- **Assignment**: Your result will be the set of lines with "interpret", copied from the material below.

⁂

lemma Gen_diag:
  "j \<le> n \<Longrightarrow> Gen n C j j = complex_of_real (C * (real j - spinJ n) - (real j - spinJ n)^2)"
  by (simp add: Gen_def Fz_squared Fz_def Fy_def)

lemma tridiagonal_Gen: "tridiagonal n (Gen n C)"
  by (auto simp: tridiagonal_def Gen_offdiag Fy_def)

lemma cc_pos: "- spinJ n - 1 < x \<Longrightarrow> x < spinJ n \<Longrightarrow> 0 < cc n x"
  unfolding cc_def by simp

lemma Gen_superdiag_nonzero: "p < n \<Longrightarrow> Gen n C p (Suc p) \<noteq> 0"
  using cc_pos[of n "spinJ n - real (Suc p)"] by (simp add: Gen_offdiag Fy_def spinJ_def)

lemma Gen_subdiag_nonzero: "p < n \<Longrightarrow> Gen n C (Suc p) p \<noteq> 0"
  using cc_pos[of n "real p - spinJ n"] by (simp add: Gen_offdiag Fy_def spinJ_def)

lemma Gen_offdiag_bound:
  assumes "k \<le> n" "l \<le> n" "l \<noteq> k"
  shows "cmod (Gen n C k l) \<le> (\<Sum>j\<le>n. \<Sum>l\<le>n. cmod (Fy n j l))"
proof -
  have "cmod (Fy n k l) \<le> (\<Sum>l\<le>n. cmod (Fy n k l))"
    using assms by (intro member_le_sum) auto
  also have "\<dots> \<le> (\<Sum>j\<le>n. \<Sum>l\<le>n. cmod (Fy n j l))"
    using assms by (intro member_le_sum[where f = "\<lambda>j. \<Sum>l\<le>n. cmod (Fy n j l)"] sum_nonneg) auto
  finally show ?thesis
    using assms by (simp add: Gen_offdiag norm_mult)
qed

lemma Gen_shifted_diag:
  "k \<le> n \<Longrightarrow> C * spinJ n - Re (Gen n C k k) = C * (real n - real k) + (real k - spinJ n)^2"
  by (simp add: Gen_diag spinJ_def algebra_simps)

lemma spinJ_offset_squared_le:
  assumes "k \<le> n"
  shows "(real k - spinJ n)^2 \<le> (spinJ n)^2"
proof -
  have "(real k - spinJ n)^2 - (spinJ n)^2 = real k * (real k - real n)"
    by (simp add: spinJ_def power2_eq_square algebra_simps)
  also have "\<dots> \<le> 0"
    using assms by (simp add: mult_nonneg_nonpos)
  finally show ?thesis
    by simp
qed
lemma second_difference_model_coordinates:
  fixes U V :: "nat \<Rightarrow> 'a \<Rightarrow> 'h::{real_inner,complete_space}"
  assumes "prob_space M" "n \<ge> 4"
    and indep: "prob_space.indep_vars M (\<lambda>_. borel) (\<lambda>k. case k of Inl r \<Rightarrow> U r | Inr s \<Rightarrow> V s)
      ({1..n} <+> {1..n-2})"
    and U: "\<And>r. r \<in> {1..n} \<Longrightarrow> centered_gaussian M (U r) Su"
    and V: "\<And>s. s \<in> {1..n-2} \<Longrightarrow> centered_gaussian M (V s) Sv"
    and "Su ej \<bullet> ej > 0" "Sv ej \<bullet> ej > 0"
  shows "second_difference_model M n (Su ej \<bullet> ej) (Sv ej \<bullet> ej)
    (\<lambda>k \<omega>. (case k of Inl r \<Rightarrow> U r | Inr s \<Rightarrow> V s) \<omega> \<bullet> ej)"
proof -
  interpret prob_space M by fact
  show ?thesis
  proof unfold_locales
    have "(\<lambda>y. y \<bullet> ej) \<in> borel_measurable borel"
      by (intro borel_measurable_continuous_onI continuous_intros)
    then show "indep_vars (\<lambda>_. borel) (\<lambda>k \<omega>. (case k of Inl r \<Rightarrow> U r | Inr s \<Rightarrow> V s) \<omega> \<bullet> ej)
        ({1..n} <+> {1..n-2})"
      using indep_vars_compose2[OF indep, of "\<lambda>_ y. y \<bullet> ej" "\<lambda>_. borel"] by simp
    show "distributed M lborel (\<lambda>\<omega>. (case Inl r of Inl r \<Rightarrow> U r | Inr s \<Rightarrow> V s) \<omega> \<bullet> ej)
        (normal_density 0 (sqrt (Su ej \<bullet> ej)))" if "r \<in> {1..n}" for r
    proof -
      have "real_centered_gaussian M (\<lambda>\<omega>. U r \<omega> \<bullet> ej) (Su ej \<bullet> ej)"
        using U[OF that] by (simp add: centered_gaussian_def)
      then show ?thesis
        using \<open>Su ej \<bullet> ej > 0\<close> by (simp add: real_centered_gaussian_def)
    qed
    show "distributed M lborel (\<lambda>\<omega>. (case Inr s of Inl r \<Rightarrow> U r | Inr s \<Rightarrow> V s) \<omega> \<bullet> ej)
        (normal_density 0 (sqrt (Sv ej \<bullet> ej)))" if "s \<in> {1..n-2}" for s
    proof -
      have "real_centered_gaussian M (\<lambda>\<omega>. V s \<omega> \<bullet> ej) (Sv ej \<bullet> ej)"
        using V[OF that] by (simp add: centered_gaussian_def)
      then show ?thesis
        using \<open>Sv ej \<bullet> ej > 0\<close> by (simp add: real_centered_gaussian_def)
    qed
  qed fact+
qed

lemma mean_square_coordinate_estimators:
  fixes e :: "nat \<Rightarrow> 'h::{real_inner,complete_space}" and Y0 :: "nat \<Rightarrow> 'h"
    and U V X :: "nat \<Rightarrow> 'a \<Rightarrow> 'h"
  assumes "prob_space M" "n \<ge> 4" and e: "orthonormal_seq e"
    and Su: "diag_cov_operator e Su mu" and Sv: "diag_cov_operator e Sv tau"
    and Y0: "\<And>i. i \<in> {1..n-2} \<Longrightarrow> (\<Sum>l=1..n. Pmat n i l *\<^sub>R Y0 l) = 0"
    and indep: "prob_space.indep_vars M (\<lambda>_. borel) (\<lambda>k. case k of Inl r \<Rightarrow> U r | Inr s \<Rightarrow> V s)
      ({1..n} <+> {1..n-2})"
    and U: "\<And>r. r \<in> {1..n} \<Longrightarrow> centered_gaussian M (U r) Su"
    and V: "\<And>s. s \<in> {1..n-2} \<Longrightarrow> centered_gaussian M (V s) Sv"
    and X: "\<And>i \<omega>. i \<in> {1..n} \<Longrightarrow> X i \<omega> = (Y0 i + (\<Sum>s=1..n-2. Qmat n i s *\<^sub>R V s \<omega>)) + U i \<omega>"
  shows "integrable M (\<lambda>\<omega>. (mu_hat n (\<lambda>i. X i \<omega>) (e j) - mu j)^2)"
    and "(\<integral>\<omega>. (mu_hat n (\<lambda>i. X i \<omega>) (e j) - mu j)^2 \<partial>M) \<le> 500000 * ((mu j)^2 + (tau j)^2) / (real n - 3)"
    and "integrable M (\<lambda>\<omega>. (tau_hat n (\<lambda>i. X i \<omega>) (e j) - tau j)^2)"
    and "(\<integral>\<omega>. (tau_hat n (\<lambda>i. X i \<omega>) (e j) - tau j)^2 \<partial>M) \<le> 500000 * ((mu j)^2 + (tau j)^2) / (real n - 3)"
proof -
  let ?\<zeta> = "\<lambda>k \<omega>. (case k of Inl r \<Rightarrow> U r | Inr s \<Rightarrow> V s) \<omega> \<bullet> e j"
  have eigen: "Su (e j) \<bullet> e j = mu j" "Sv (e j) \<bullet> e j = tau j"
    using e diag_cov_operator_eigen(1)[OF Su] diag_cov_operator_eigen(1)[OF Sv]
    by (simp_all add: orthonormal_seq_def)
  then have "Su (e j) \<bullet> e j > 0" "Sv (e j) \<bullet> e j > 0"
    using diag_cov_operator_eigen(2)[OF Su] diag_cov_operator_eigen(2)[OF Sv] by simp_all
  with assms(1,2) indep U V have "second_difference_model M n (Su (e j) \<bullet> e j) (Sv (e j) \<bullet> e j) ?\<zeta>"
    by (rule second_difference_model_coordinates)
  then interpret second_difference_model M n "mu j" "tau j" ?\<zeta>
    unfolding eigen .
  have "PXc n (\<lambda>i. X i \<omega>) (e j) i = W i \<omega>" if "i \<in> {1..n-2}" for i \<omega>
    using PXc_eq_second_difference[OF that Y0[OF that], of "\<lambda>i. X i \<omega>"] X by (simp add: second_diff_def)
  then have "mu_hat n (\<lambda>i. X i \<omega>) (e j) = mu_est n (\<lambda>i. W i \<omega>)"
    and "tau_hat n (\<lambda>i. X i \<omega>) (e j) = tau_est n (\<lambda>i. W i \<omega>)" for \<omega>
    by (auto simp: mu_hat_eq_mu_est tau_hat_eq_tau_est intro: mu_est_cong tau_est_cong)
  then show "integrable M (\<lambda>\<omega>. (mu_hat n (\<lambda>i. X i \<omega>) (e j) - mu j)^2)"
    and "(\<integral>\<omega>. (mu_hat n (\<lambda>i. X i \<omega>) (e j) - mu j)^2 \<partial>M) \<le> 500000 * ((mu j)^2 + (tau j)^2) / (real n - 3)"
    and "integrable M (\<lambda>\<omega>. (tau_hat n (\<lambda>i. X i \<omega>) (e j) - tau j)^2)"
    and "(\<integral>\<omega>. (tau_hat n (\<lambda>i. X i \<omega>) (e j) - tau j)^2 \<partial>M) \<le> 500000 * ((mu j)^2 + (tau j)^2) / (real n - 3)"
    using mean_square_mu_est mean_square_tau_est by simp_all
qed

theorem lemma1:
  fixes M :: "'a measure"
    and e :: "nat \<Rightarrow> 'h::{real_inner,complete_space}"
    and Su Sv :: "'h \<Rightarrow> 'h" and mu tau :: "nat \<Rightarrow> real"
    and Y0 :: "nat \<Rightarrow> nat \<Rightarrow> 'h"
    and U V X :: "nat \<Rightarrow> nat \<Rightarrow> 'a \<Rightarrow> 'h"
  assumes "prob_space M"
    and "orthonormal_basis e"
    and "diag_cov_operator e Su mu"
    and "diag_cov_operator e Sv tau"
    and "\<And>n i. n \<ge> 4 \<Longrightarrow> i \<in> {1..n-2} \<Longrightarrow> (\<Sum>l=1..n. Pmat n i l *\<^sub>R Y0 n l) = 0"
    and "\<And>n. n \<ge> 4 \<Longrightarrow> prob_space.indep_vars M (\<lambda>_. borel)
           (\<lambda>k. case k of Inl r \<Rightarrow> U n r | Inr s \<Rightarrow> V n s) ({1..n} <+> {1..n-2})"
    and "\<And>n r. n \<ge> 4 \<Longrightarrow> r \<in> {1..n} \<Longrightarrow> centered_gaussian M (U n r) Su"
    and "\<And>n s. n \<ge> 4 \<Longrightarrow> s \<in> {1..n-2} \<Longrightarrow> centered_gaussian M (V n s) Sv"
    and "\<And>n i \<omega>. n \<ge> 4 \<Longrightarrow> i \<in> {1..n} \<Longrightarrow>
           X n i \<omega> = (Y0 n i + (\<Sum>s=1..n-2. Qmat n i s *\<^sub>R V n s \<omega>)) + U n i \<omega>"
  shows "\<forall>h. conv_in_prob M (\<lambda>n \<omega>. \<Sum>j. (mu_hat n (\<lambda>i. X n i \<omega>) (e j) * (h \<bullet> e j)) *\<^sub>R e j) (Su h)
           \<and> conv_in_prob M (\<lambda>n \<omega>. \<Sum>j. (tau_hat n (\<lambda>i. X n i \<omega>) (e j) * (h \<bullet> e j)) *\<^sub>R e j) (Sv h)"
proof -
  have e: "orthonormal_seq e"
    by (rule orthonormal_basis_imp_orthonormal_seq[OF assms(2)])
  obtain Lm Lt where "\<And>j. \<bar>mu j\<bar> \<le> Lm" "\<And>j. \<bar>tau j\<bar> \<le> Lt"
    using diag_cov_operator_eigenvalues_bounded[OF e] assms(3,4) by metis
  then have "(mu j)^2 \<le> Lm^2" "(tau j)^2 \<le> Lt^2" for j
    by (metis abs_ge_zero power2_abs power_mono)+
  then have bound: "500000 * ((mu j)^2 + (tau j)^2) / (real n - 3) \<le> 500000 * (Lm^2 + Lt^2) / (real n - 3)"
    if "n \<ge> 4" for n j
    using that by (intro divide_right_mono add_mono mult_left_mono) auto
  note mse = mean_square_coordinate_estimators[OF assms(1) _ e assms(3,4) assms(5) assms(6-8) assms(9)]
  show ?thesis
  proof (intro allI conjI)
    fix h
    show "conv_in_prob M (\<lambda>n \<omega>. \<Sum>j. (mu_hat n (\<lambda>i. X n i \<omega>) (e j) * (h \<bullet> e j)) *\<^sub>R e j) (Su h)"
      using mse(1,2) bound by (intro conv_in_prob_diag_estimator[OF assms(1-3)]) (blast intro: order_trans)+
    show "conv_in_prob M (\<lambda>n \<omega>. \<Sum>j. (tau_hat n (\<lambda>i. X n i \<omega>) (e j) * (h \<bullet> e j)) *\<^sub>R e j) (Sv h)"
      using mse(3,4) bound by (intro conv_in_prob_diag_estimator[OF assms(1,2,4)]) (blast intro: order_trans)+
  qed
qed

end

⁂

- **Solution to this problem**:
  interpret prob_space M by fact
  then interpret second_difference_model M n "mu j" "tau j" ?\<zeta>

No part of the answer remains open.